■ **Your task**:
Restate word for word the lines of the material below, from the line with "x u) = (cmod" to the line with "using assms(1,2) u(1)", both lines included, and no others.
- Opening Delimiter -
lemma dvis_chain_point_le:
  assumes "x \<in> S3" and "qf w < 0" and "0 < \<kappa>" and "\<kappa> * (norm w)\<^sup>2 \<le> - qf w"
  obtains u where "u \<in> chain w" "dvis x u \<le> 2 / \<kappa> * (cmod (herm x w) / (norm x * norm w))"
proof -
  obtain u where u: "u \<in> chain w" "cmod (herm x u) = (cmod (herm x w))\<^sup>2 / - qf w"
    "norm x - cmod (herm x w) * norm w / - qf w \<le> norm u"
    using chain_point assms(1,2) .
  define r where "r = cmod (herm x w) / (norm x * norm w)"
  have pos: "0 < norm x" "0 < norm w" "0 < norm u"
    using assms(1,2) u(1) by (auto simp: S3_def chain_def perp_def)
  have "\<kappa> * (norm w)\<^sup>2 \<le> 1 * (norm w)\<^sup>2"
    using assms(4) neg_qf_le_norm_sq[of w] by simp
  then have "\<kappa> \<le> 1"
    using pos(2) by (simp only: mult_le_cancel_right) simp
  have "dvis x u \<le> 2 / \<kappa> * r"
  proof (cases "\<kappa> / 2 \<le> r")
    case True
    then have "1 \<le> 2 / \<kappa> * r"
      using assms(3) by (simp add: field_simps)
    then show ?thesis
      using dvis_le_one[of x u] by linarith
  next
    case False
    have "cmod (herm x w) * norm w / - qf w \<le> cmod (herm x w) * norm w / (\<kappa> * (norm w)\<^sup>2)"
      using assms(2,3,4) pos by (intro divide_left_mono) (auto simp: mult_neg_pos)
    also have "\<dots> = r * norm x / \<kappa>"
      using pos by (simp add: r_def power2_eq_square)
    also have "\<dots> < norm x / 2"
      using False pos assms(3) by (simp add: field_simps)
    finally have U: "norm x / 2 < norm u"
      using u(3) by linarith
    have "(dvis x u)\<^sup>2 = cmod (herm x u) / (norm x * norm u)"
      by (simp add: dvis_def vnorm_eq_norm)
    also have "\<dots> = (cmod (herm x w))\<^sup>2 / (- qf w * (norm x * norm u))"
      using u(2) by simp
    also have "\<dots> \<le> (cmod (herm x w))\<^sup>2 / (\<kappa> * (norm w)\<^sup>2 * (norm x * (norm x / 2)))"
      using assms(2-4) pos U
      by (intro divide_left_mono mult_mono mult_left_mono) (auto simp: mult_neg_pos)
    also have "\<dots> = 2 / \<kappa> * r\<^sup>2"
      using pos by (simp add: r_def field_simps power2_eq_square)
    also have "\<dots> \<le> (2 / \<kappa> * r)\<^sup>2"
      using \<open>\<kappa> \<le> 1\<close> assms(3) mult_right_mono[of \<kappa> 2 "r * r"]
      by (simp add: power2_eq_square field_simps)
    finally show ?thesis
      by (rule power2_le_imp_le) (use assms(3) pos in \<open>simp add: r_def\<close>)
  qed
  then show thesis
    using that u(1) by (simp add: r_def)
qed

lemma c0_ratio_le_add_dE:
  assumes "a \<noteq> 0" and "l \<noteq> 0"
  shows "cmod (c0 a) / norm a \<le> cmod (c0 l) / norm l + dE a l"
proof -
  define k where "k = hdot a l / complex_of_real ((norm l)\<^sup>2)"
  have "cmod (c0 a) = cmod (c0 (orth_comp l a) + k * c0 l)"
    using arg_cong[where f = c0, OF orth_comp_decomp[of a l]]
    by (simp add: k_def cscale_def c0_def)
  also have "\<dots> \<le> norm (orth_comp l a) + cmod k * cmod (c0 l)"
    by (metis norm_triangle_ineq norm_mult cmod_c0_le_norm add_mono order_refl order_trans)
  also have "\<dots> \<le> norm a * dE a l + norm a / norm l * cmod (c0 l)"
  proof -
    have "cmod k \<le> norm a * norm l / (norm l)\<^sup>2"
      using hdot_cauchy_schwarz[of a l] by (simp add: k_def norm_divide norm_power divide_right_mono)
    then have "cmod k \<le> norm a / norm l"
      using assms(2) by (simp add: power2_eq_square)
    then have "cmod k * cmod (c0 l) \<le> norm a / norm l * cmod (c0 l)"
      by (rule mult_right_mono) simp
    then show ?thesis
      by (simp add: norm_orth_comp[OF assms(2)])
  qed
  finally show ?thesis
    using assms(1) by (simp add: field_simps)
qed

lemma dE_compact_uniform_gap:
  assumes "dE_compact K"
    and "\<And>a l. a \<in> K \<Longrightarrow> l \<in> K \<Longrightarrow> f a \<le> f l + dE a l"
    and "\<And>w. w \<in> K \<Longrightarrow> f w < c"
  obtains \<epsilon> where "0 < \<epsilon>" "\<And>w. w \<in> K \<Longrightarrow> f w + \<epsilon> \<le> c"
proof (rule ccontr)
  assume "\<not> thesis"
  then have "\<exists>w\<in>K. c < f w + inverse (real (Suc n))" for n
    using that[of "inverse (real (Suc n))"] by (force simp: not_le)
  then obtain s where s: "\<And>n. s n \<in> K" "\<And>n. c < f (s n) + inverse (real (Suc n))"
    by metis
  obtain r l where r: "strict_mono r" "l \<in> K" "(\<lambda>n. dE (s (r n)) l) \<longlonglongrightarrow> 0"
    using assms(1) s(1) unfolding dE_compact_def by blast
  have "(\<lambda>n. inverse (real (Suc (r n)))) \<longlonglongrightarrow> 0"
    using LIMSEQ_subseq_LIMSEQ[OF LIMSEQ_inverse_real_of_nat r(1)] by (simp add: o_def)
  then have "(\<lambda>n. f l + dE (s (r n)) l + inverse (real (Suc (r n)))) \<longlonglongrightarrow> f l + 0 + 0"
    by (intro tendsto_add tendsto_const r(3))
  moreover have "c \<le> f l + dE (s (r n)) l + inverse (real (Suc (r n)))" for n
    using s(2)[of "r n"] assms(2)[OF s(1) r(2), of "r n"] by linarith
  ultimately have "c \<le> f l"
    by (intro LIMSEQ_le_const) auto
  then show False
    using assms(3)[OF r(2)] by simp
qed

lemma dE_compact_negative_uniform:
  assumes "K \<subseteq> LC" and "dE_compact K"
  obtains \<kappa> where "0 < \<kappa>" "\<And>w. w \<in> K \<Longrightarrow> \<kappa> * (norm w)\<^sup>2 \<le> - qf w"
proof -
  define m where "m w = cmod (c0 w) / norm w" for w
  define \<sigma> where "\<sigma> = sqrt (1 / 2 :: real)"
  have K: "w \<noteq> 0" "qf w < 0" if "w \<in> K" for w
    using assms(1) that by (auto simp: LC_def)
  have neg_qf: "- qf w = (norm w)\<^sup>2 * (1 - 2 * (m w)\<^sup>2)" if "w \<noteq> 0" for w
  proof -
    have "(norm w)\<^sup>2 * (1 - 2 * (m w)\<^sup>2) = (norm w)\<^sup>2 - 2 * (cmod (c0 w))\<^sup>2"
      using that by (simp add: m_def field_simps)
    then show ?thesis
      using norm_sq_components[of w] qf_components[of w] by linarith
  qed
  have "m w < \<sigma>" if "w \<in> K" for w
  proof -
    have "0 < (norm w)\<^sup>2 * (1 - 2 * (m w)\<^sup>2)"
      using neg_qf[OF K(1)[OF that]] K(2)[OF that] by linarith
    then have "(m w)\<^sup>2 < 1 / 2"
      using K(1)[OF that] by (simp add: zero_less_mult_iff)
    then show ?thesis
      unfolding \<sigma>_def by (rule real_less_rsqrt)
  qed
  moreover have "m a \<le> m l + dE a l" if "a \<in> K" "l \<in> K" for a l
    unfolding m_def using that by (intro c0_ratio_le_add_dE K(1))
  ultimately obtain \<epsilon> where \<epsilon>: "0 < \<epsilon>" "\<And>w. w \<in> K \<Longrightarrow> m w + \<epsilon> \<le> \<sigma>"
    using dE_compact_uniform_gap[OF assms(2)] by metis
  have pos: "0 < \<epsilon> * \<sigma>"
    using \<epsilon>(1) by (simp add: \<sigma>_def)
  have "\<epsilon> * \<sigma> * (norm w)\<^sup>2 \<le> - qf w" if "w \<in> K" for w
  proof -
    have "\<epsilon> * \<sigma> \<le> (\<sigma> - m w) * (\<sigma> + m w)"
      using \<epsilon>(1) \<epsilon>(2)[OF that] by (intro mult_mono) (auto simp: m_def \<sigma>_def)
    also have "\<dots> = 1 / 2 - (m w)\<^sup>2"
      by (simp add: \<sigma>_def algebra_simps power2_eq_square)
    finally have "\<epsilon> * \<sigma> \<le> 1 - 2 * (m w)\<^sup>2"
      using pos by linarith
    then have "\<epsilon> * \<sigma> * (norm w)\<^sup>2 \<le> (1 - 2 * (m w)\<^sup>2) * (norm w)\<^sup>2"
      by (rule mult_right_mono) simp
    then show ?thesis
      using neg_qf[OF K(1)[OF that]] by (simp add: mult.commute)
  qed
  with pos show thesis
    by (rule that)
qed

lemma setdist_dE_le_sqrt2_setdist_dvis:
  assumes "x \<in> S3" and "A \<subseteq> S3" and "A \<noteq> {}"
  shows "setdist_with dE x A \<le> sqrt 2 * setdist_with dvis x A"
proof -
  have "setdist_with dE x A / sqrt 2 \<le> setdist_with dvis x A"
  proof (rule setdist_with_ge[OF assms(3)])
    fix u
    assume u: "u \<in> A"
    have "setdist_with dE x A \<le> dE x u"
      by (rule setdist_with_le[where d = dE and x = x, OF dE_nonneg u])
    also have "\<dots> \<le> sqrt 2 * dvis x u"
      using assms u by (intro dE_le_sqrt2_dvis) auto
    finally show "setdist_with dE x A / sqrt 2 \<le> dvis x u"
      by (simp add: pos_divide_le_eq mult.commute)
  qed
  then show ?thesis
    by (simp add: pos_divide_le_eq mult.commute)
qed

lemma setdist_chain_bounds:
  assumes "x \<in> S3" and "qf w < 0" and "0 < \<kappa>" and "\<kappa> * (norm w)\<^sup>2 \<le> - qf w"
  shows "0 \<le> setdist_with dE x (perp w)"
    and "setdist_with dE x (perp w) \<le> setdist_with dE x (chain w)"
    and "setdist_with dE x (chain w) \<le> 2 * setdist_with dvis x (chain w)"
    and "2 * setdist_with dvis x (chain w) \<le> 4 / \<kappa> * setdist_with dE x (perp w)"
proof -
  obtain u where u: "u \<in> chain w" "dvis x u \<le> 2 / \<kappa> * (cmod (herm x w) / (norm x * norm w))"
    using dvis_chain_point_le[OF assms] .
  have ne: "chain w \<noteq> {}"
    using u(1) by blast
  show "setdist_with dE x (perp w) \<le> setdist_with dE x (chain w)"
    using ne by (intro setdist_with_antimono dE_nonneg) (auto simp: chain_def)
  have "setdist_with dE x (chain w) \<le> sqrt 2 * setdist_with dvis x (chain w)"
    using assms(1) ne by (intro setdist_dE_le_sqrt2_setdist_dvis) (auto simp: chain_def)
  moreover have "sqrt 2 \<le> (2 :: real)"
    using real_sqrt_le_mono[of 2 4] by simp
  moreover have "0 \<le> setdist_with dvis x (chain w)"
    using ne by (intro setdist_with_ge dvis_nonneg)
  ultimately show "setdist_with dE x (chain w) \<le> 2 * setdist_with dvis x (chain w)"
    by (meson mult_right_mono order_trans)
  have "w \<noteq> 0"
    using assms(2) by auto
  then have perp: "setdist_with dE x (perp w) = cmod (herm x w) / (norm x * norm w)"
    using assms(1,2) setdist_dE_perp[of x w] by (auto simp: S3_def LC_def vnorm_eq_norm)
  then show "0 \<le> setdist_with dE x (perp w)"
    by simp
  show "2 * setdist_with dvis x (chain w) \<le> 4 / \<kappa> * setdist_with dE x (perp w)"
    using setdist_with_le[where d = dvis and x = x, OF dvis_nonneg u(1)] u(2) perp by simp
qed

lemma mutual_bounds_by_constant:
  fixes r E V C :: real
  assumes "0 \<le> r" "r \<le> E" "E \<le> 2 * V" "2 * V \<le> C * r" "2 \<le> C"
  shows "inverse C * r \<le> E \<and> E \<le> C * r \<and> inverse C * E \<le> V \<and> V \<le> C * E"
proof (intro conjI)
  have "inverse C * r \<le> 1 * r"
    using assms(1,5) by (intro mult_right_mono) (simp_all add: inverse_le_1_iff)
  then show "inverse C * r \<le> E"
    using assms(2) by simp
  show "E \<le> C * r"
    using assms(3,4) by simp
  have "2 * V \<le> C * V"
    using assms by (intro mult_right_mono) auto
  then have "E \<le> C * V"
    using assms(3) by linarith
  then show "inverse C * E \<le> V"
    using assms(5) by (simp add: field_simps)
  have "C * r \<le> C * E"
    using assms(2,5) by (intro mult_left_mono) auto
  then show "V \<le> C * E"
    using assms by linarith
qed

lemma setdist_chain_comparison:
  assumes "x \<in> S3" and "qf w < 0" and "0 < \<kappa>" and "\<kappa> * (norm w)\<^sup>2 \<le> - qf w"
  defines "C \<equiv> max 2 (4 / \<kappa>)"
  shows "inverse C * setdist_with dE x (perp w) \<le> setdist_with dE x (chain w)"
    and "setdist_with dE x (chain w) \<le> C * setdist_with dE x (perp w)"
    and "inverse C * setdist_with dE x (chain w) \<le> setdist_with dvis x (chain w)"
    and "setdist_with dvis x (chain w) \<le> C * setdist_with dE x (chain w)"
proof -
  note bounds = setdist_chain_bounds[OF assms(1-4)]
  have "4 / \<kappa> * setdist_with dE x (perp w) \<le> C * setdist_with dE x (perp w)"
    using bounds(1) by (intro mult_right_mono) (simp_all add: C_def)
  then show "inverse C * setdist_with dE x (perp w) \<le> setdist_with dE x (chain w)"
    and "setdist_with dE x (chain w) \<le> C * setdist_with dE x (perp w)"
    and "inverse C * setdist_with dE x (chain w) \<le> setdist_with dvis x (chain w)"
    and "setdist_with dvis x (chain w) \<le> C * setdist_with dE x (chain w)"
    using mutual_bounds_by_constant[OF bounds(1-3)] bounds(4) by (simp_all add: C_def)
qed

theorem lemma5p9:
  fixes K :: "cvec set"
  assumes "K \<subseteq> LC" and "dE_compact K"
  shows "(\<forall>x\<in>S3. \<forall>w\<in>K.
            setdist_with dE x (perp w) = cmod (herm x w) / (vnorm x * vnorm w))
       \<and> (\<exists>C::real. C \<ge> 1 \<and> (\<forall>x\<in>S3. \<forall>w\<in>K.
            inverse C * setdist_with dE x (perp w) \<le> setdist_with dE x (chain w)
          \<and> setdist_with dE x (chain w) \<le> C * setdist_with dE x (perp w)
          \<and> inverse C * setdist_with dE x (chain w) \<le> setdist_with dvis x (chain w)
          \<and> setdist_with dvis x (chain w) \<le> C * setdist_with dE x (chain w)))"
proof -
  obtain \<kappa> where \<kappa>: "0 < \<kappa>" "\<And>w. w \<in> K \<Longrightarrow> \<kappa> * (norm w)\<^sup>2 \<le> - qf w"
    using dE_compact_negative_uniform[OF assms] by blast
  have "w \<in> LC" "qf w < 0" if "w \<in> K" for w
    using assms(1) that by (auto simp: LC_def)
  then show ?thesis
    using \<kappa> by (intro conjI exI[of _ "max 2 (4 / \<kappa>)"] ballI)
      (auto simp: S3_def intro!: setdist_dE_perp setdist_chain_comparison)
qed

end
- Closing Delimiter -
■ **Solution to this task**:
  obtain u where u: "u \<in> chain w" "cmod (herm x u) = (cmod (herm x w))\<^sup>2 / - qf w"
    "norm x - cmod (herm x w) * norm w / - qf w \<le> norm u"
    using chain_point assms(1,2) .
  define r where "r = cmod (herm x w) / (norm x * norm w)"
  have pos: "0 < norm x" "0 < norm w" "0 < norm u"
    using assms(1,2) u(1) by (auto simp: S3_def chain_def perp_def)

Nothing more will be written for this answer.